The starting point should be a "representation" in the Web arch sense,
which is how I defined the term "XML instance document" in this
discussion.   

> It seems to be Webarch requires us to use URIs with 
> schemes such as 
> http and to cope with the possibility of conneg. 

The starting point only needs to be a URI in the case of a namespace or
profile URI, where GRDDL results need to be determined for it.  And that
case needs to be treated specially because a GRDDL processor needs to be
able to know that if it finds a representation for that URI dereference,
and that representation specifies a GRDDL transformation, then the GRDDL
results of *that* representation can be considered complete without
having to worry about the possible existence of some other
as-yet-undiscovered representation that may specify other GRDDL results.
This is why the additional sentence for the Faithful Renditions section
is needed.

> There is, however, 
> nothing preventing a client from retrieving a  particular 
> representation 
> and using the "file" scheme. However, to prevent GRDDL from 
> using http URIs would break WebArch.
> 
> > - it is intended for describing partial GRDDL results; and
> > - more needs to be nailed down to define the notion of 
> complete GRDDL
> > results.
> 
> Does the text describing "maximal" results not satisfy you? 

No, because: (a) it is defined for information resources rather than
representations; and (b) it currently permits parsing indeterminacy.

> [1]. If so, 
> can you clarify exactly how one can both use URIs and be 
> Webarch enabled wtih 
> content negotiation and have "complete" GRDDL results? As 
> usual, text that 
> you believe can be added or test-cases are appreciated.

Yes.  I've tried to sketch it out a bit, but I'll be happy to explain
more as needed.  

> 
> > Namespace and profile information URIs make it much more 
> > difficult to
> > define the notion of complete GRDDL results, because there is no
> > guarantee that the GRDDL processor is able to retrieve the correct
> > namespace or profile representation that specifies all of 
> > the intended
> > grddl:namespaceTransformations or 
> > grddl:profileTransformations that the
> > author intended should be applied. However, this difficulty can be
> > overcome by adding something to the Faithful Renditions 
> > section to the effect that:
> >
> >  "By specifying a GRDDL namespace transformation or profile
> >  transformation in a representation of a namespace or profile
> >  information resource, the creator of that namespace or
> >  profile states that every other representation of that same
> >  information resource that also specifies a GRDDL namespace
> >  transformation or profile transformation is functionally
> >  equivalent."
> 
> Again, with conneg and XML indeterminacy this cannot be guaranteed.
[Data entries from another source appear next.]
lemma strength_raise_base_score_only_child:
  assumes q: "acyclic_qbaf A Att Sp tau" and tau': "\<forall>a\<in>A. 0 \<le> tau' a \<and> tau' a \<le> 1"
    and raise: "tau \<beta> \<le> tau' \<beta>" and same: "\<forall>\<gamma>\<in>A - {\<beta>}. tau \<gamma> = tau' \<gamma>"
    and only_child: "(Att \<union> Sp) `` {\<beta>} = {\<alpha>}"
  shows "(\<beta>, \<alpha>) \<in> Att \<Longrightarrow> strength sem A Att Sp tau' \<alpha> \<le> strength sem A Att Sp tau \<alpha>"
    and "(\<beta>, \<alpha>) \<in> Sp \<Longrightarrow> strength sem A Att Sp tau \<alpha> \<le> strength sem A Att Sp tau' \<alpha>"
proof -
  let ?s = "strength sem A Att Sp tau" and ?s' = "strength sem A Att Sp tau'"
  have wf: "wf (Att \<union> Sp)" using q by (rule acyclic_qbaf_wf)
  have edge: "(\<beta>, \<alpha>) \<in> Att \<union> Sp" using only_child by blast
  have acyc: "acyclic (Att \<union> Sp)" and disj: "Att \<inter> Sp = {}"
    and "\<alpha> \<in> A" "\<beta> \<in> A" and tau_bounds: "0 \<le> tau \<alpha>" "tau \<alpha> \<le> 1"
    using q edge by (auto simp: acyclic_qbaf_def qbaf_def)
  have "\<alpha> \<noteq> \<beta>" using acyc edge by (auto simp: acyclic_def)
  then have "tau \<alpha> = tau' \<alpha>" using same \<open>\<alpha> \<in> A\<close> by simp
  have bounds: "0 \<le> ?s b \<and> ?s b \<le> 1" "0 \<le> ?s' b \<and> ?s' b \<le> 1" for b
    using strength_bounds[OF wf] q tau' by (auto simp: acyclic_qbaf_def qbaf_def)
  have raised: "?s \<beta> \<le> ?s' \<beta>" by (rule strength_raise_base_score[OF q tau' \<open>\<beta> \<in> A\<close> raise same])
  have other_parents: "?s b = ?s' b" if "b \<in> attackers A Att \<alpha> \<union> supporters A Sp \<alpha>" "b \<noteq> \<beta>" for b
    using strength_change_base_score_off_descendants[OF wf same]
      acyclic_not_rtrancl_from_only_child[OF acyc equalityD1[OF only_child] _ \<open>b \<noteq> \<beta>\<close>] that
    by (auto simp: attackers_def supporters_def)
  have parent_le: "0 \<le> ?s b \<and> ?s b \<le> ?s' b \<and> ?s' b \<le> 1"
    if "b \<in> attackers A Att \<alpha> \<union> supporters A Sp \<alpha>" for b
    using bounds raised other_parents[OF that] by (cases "b = \<beta>") auto
  have other_parent_ge: "0 \<le> ?s' b \<and> ?s' b \<le> ?s b \<and> ?s b \<le> 1"
    if "b \<in> attackers A Att \<alpha> \<union> supporters A Sp \<alpha>" "b \<noteq> \<beta>" for b
    using bounds other_parents[OF that] by simp
  note update_at_\<alpha> = strength_eq_update[OF wf \<open>\<alpha> \<in> A\<close>]
  show "?s' \<alpha> \<le> ?s \<alpha>" if "(\<beta>, \<alpha>) \<in> Att"
    unfolding update_at_\<alpha>
  proof (rule update_mono)
    fix b assume "b \<in> supporters A Sp \<alpha>"
    moreover have "(\<beta>, \<alpha>) \<notin> Sp" using that disj by blast
    ultimately show "0 \<le> ?s' b \<and> ?s' b \<le> ?s b \<and> ?s b \<le> 1"
      by (intro other_parent_ge) (auto simp: supporters_def)
  qed (use tau_bounds \<open>tau \<alpha> = tau' \<alpha>\<close> parent_le in simp_all)
  show "?s \<alpha> \<le> ?s' \<alpha>" if "(\<beta>, \<alpha>) \<in> Sp"
    unfolding update_at_\<alpha>
  proof (rule update_mono)
    fix b assume "b \<in> attackers A Att \<alpha>"
    moreover have "(\<beta>, \<alpha>) \<notin> Att" using that disj by blast
    ultimately show "0 \<le> ?s' b \<and> ?s' b \<le> ?s b \<and> ?s b \<le> 1"
      by (intro other_parent_ge) (auto simp: attackers_def)
  qed (use tau_bounds \<open>tau \<alpha> = tau' \<alpha>\<close> parent_le in simp_all)
qed
lemma sum_not_fixed_Suc:
  "(\<Sum>f\<in>{f\<in>pending_bij (Suc m) P V. f (Suc m) \<noteq> Suc m}. monom 1 (crossings (Suc m) f))
     = (\<Sum>a\<in>{1..m} \<union> V. \<Sum>b\<in>{1..m} \<union> P. arc_sum a b)"
proof -
  let ?S = "{f\<in>pending_bij (Suc m) P V. f (Suc m) \<noteq> Suc m}"
  have "(\<Sum>f\<in>?S. monom 1 (crossings (Suc m) f))
      = (\<Sum>a\<in>{1..m} \<union> V. \<Sum>b\<in>{1..m} \<union> P. \<Sum>f\<in>{f\<in>?S. f (Suc m) = a \<and> f b = Suc m}.
           monom (1::int) (crossings (Suc m) f))"
  proof (rule sum_unique_relation2[symmetric])
    show "finite ?S"
      using finite_pending_bij[OF finite_P finite_V] by simp
    show "finite ({1..m} \<union> V)" "finite ({1..m} \<union> P)"
      using finite_P finite_V by simp_all
    fix f assume f: "f \<in> ?S"
    show "\<exists>!a. a \<in> {1..m} \<union> V \<and> f (Suc m) = a"
      by (rule ex1I[of _ "f (Suc m)"]) (use f pending_bij_Suc_arc_ends(1) in auto)
    show "\<exists>!b. b \<in> {1..m} \<union> P \<and> f b = Suc m"
      using f by (intro pending_bij_Suc_arc_ends(2)) auto
  qed
  also have "\<dots> = (\<Sum>a\<in>{1..m} \<union> V. \<Sum>b\<in>{1..m} \<union> P. arc_sum a b)"
  proof (intro sum.cong refl)
    fix a b assume "a \<in> {1..m} \<union> V"
    then have "{f\<in>?S. f (Suc m) = a \<and> f b = Suc m}
             = {f\<in>pending_bij (Suc m) P V. f (Suc m) = a \<and> f b = Suc m}"
      using Suc_notin_ran by auto
    then show "(\<Sum>f\<in>{f\<in>?S. f (Suc m) = a \<and> f b = Suc m}. monom 1 (crossings (Suc m) f)) = arc_sum a b"
      by (simp add: arc_sum_def)
  qed
  finally show ?thesis .
qed

lemma pending_poly_Suc_split:
  "pending_poly (Suc m) P V
     = monom 1 (card V) * pending_poly m P V + (\<Sum>a\<in>{1..m} \<union> V. \<Sum>b\<in>{1..m} \<union> P. arc_sum a b)"
proof -
  let ?S = "pending_bij (Suc m) P V" and ?w = "\<lambda>f. monom (1::int) (crossings (Suc m) f)"
  have "sum ?w ?S = sum ?w ({f\<in>?S. f (Suc m) = Suc m} \<union> {f\<in>?S. f (Suc m) \<noteq> Suc m})"
    by (rule arg_cong[where f = "sum ?w"]) auto
  also have "\<dots> = sum ?w {f\<in>?S. f (Suc m) = Suc m} + sum ?w {f\<in>?S. f (Suc m) \<noteq> Suc m}"
    using finite_pending_bij[OF finite_P finite_V] by (intro sum.union_disjoint) auto
  finally show ?thesis
    unfolding pending_poly_def sum_fixed_Suc[unfolded pending_poly_def] sum_not_fixed_Suc .
qed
The XML indeterminacy needs to be eliminated, period.  But aside from
that, I agree that with conneg the above assurance cannot be guaranteed,
just as it cannot be guaranteed that GRDDL results will in fact
represent actual semantics of the input document.  That's why the above
sentence needs to be added to the Faithful Renditions section.  The
point of the Faithful Renditions section is to explicitly license users
to make the assumptions that the Faithful Renditions section details.

> 
> > If desired, I can describe in more detail how this can be done.
> 
> If you can specify exactly what XML preprocessing entails, 
> please do, and 
> respond in detail to my message[2].
> 
> > This approach will work when namespace and profile documents have
> > representations available that define GRDDL 
> > transformations.  But many
> > XML instance documents will need to make use of namespaces 
> > or profile
> > documents that will not have such representations 
> > available, and since
> > the dependency for defining complete GRDDL results is 
> > recursive through
> > all namespace and profile documents, it seems likely that 
> > in many cases
> > this approach will be infeasible.  Therefore, the GRDDL 
> > spec should also
> > define a short-cut mechanism to allow an XML instance document to
> > specify, for example, a grddl:completeTransformation attribute whose
> > presence would indicate that namespace and profile 
> > ocuments do *not*
> > need to be processed in order to determine the complete 
> > GRDDL results.
> 
> Yet one can never guarantee the namespace doc or profile doc will be 
> there. 

Correct.  If any is not there, and it is needed, then the complete GRDDL
results cannot be determined, but *partial* GRDDL results could be
determined.

> It seems like if cetain transforms are not wanted by 
> the author, they should not be specified. 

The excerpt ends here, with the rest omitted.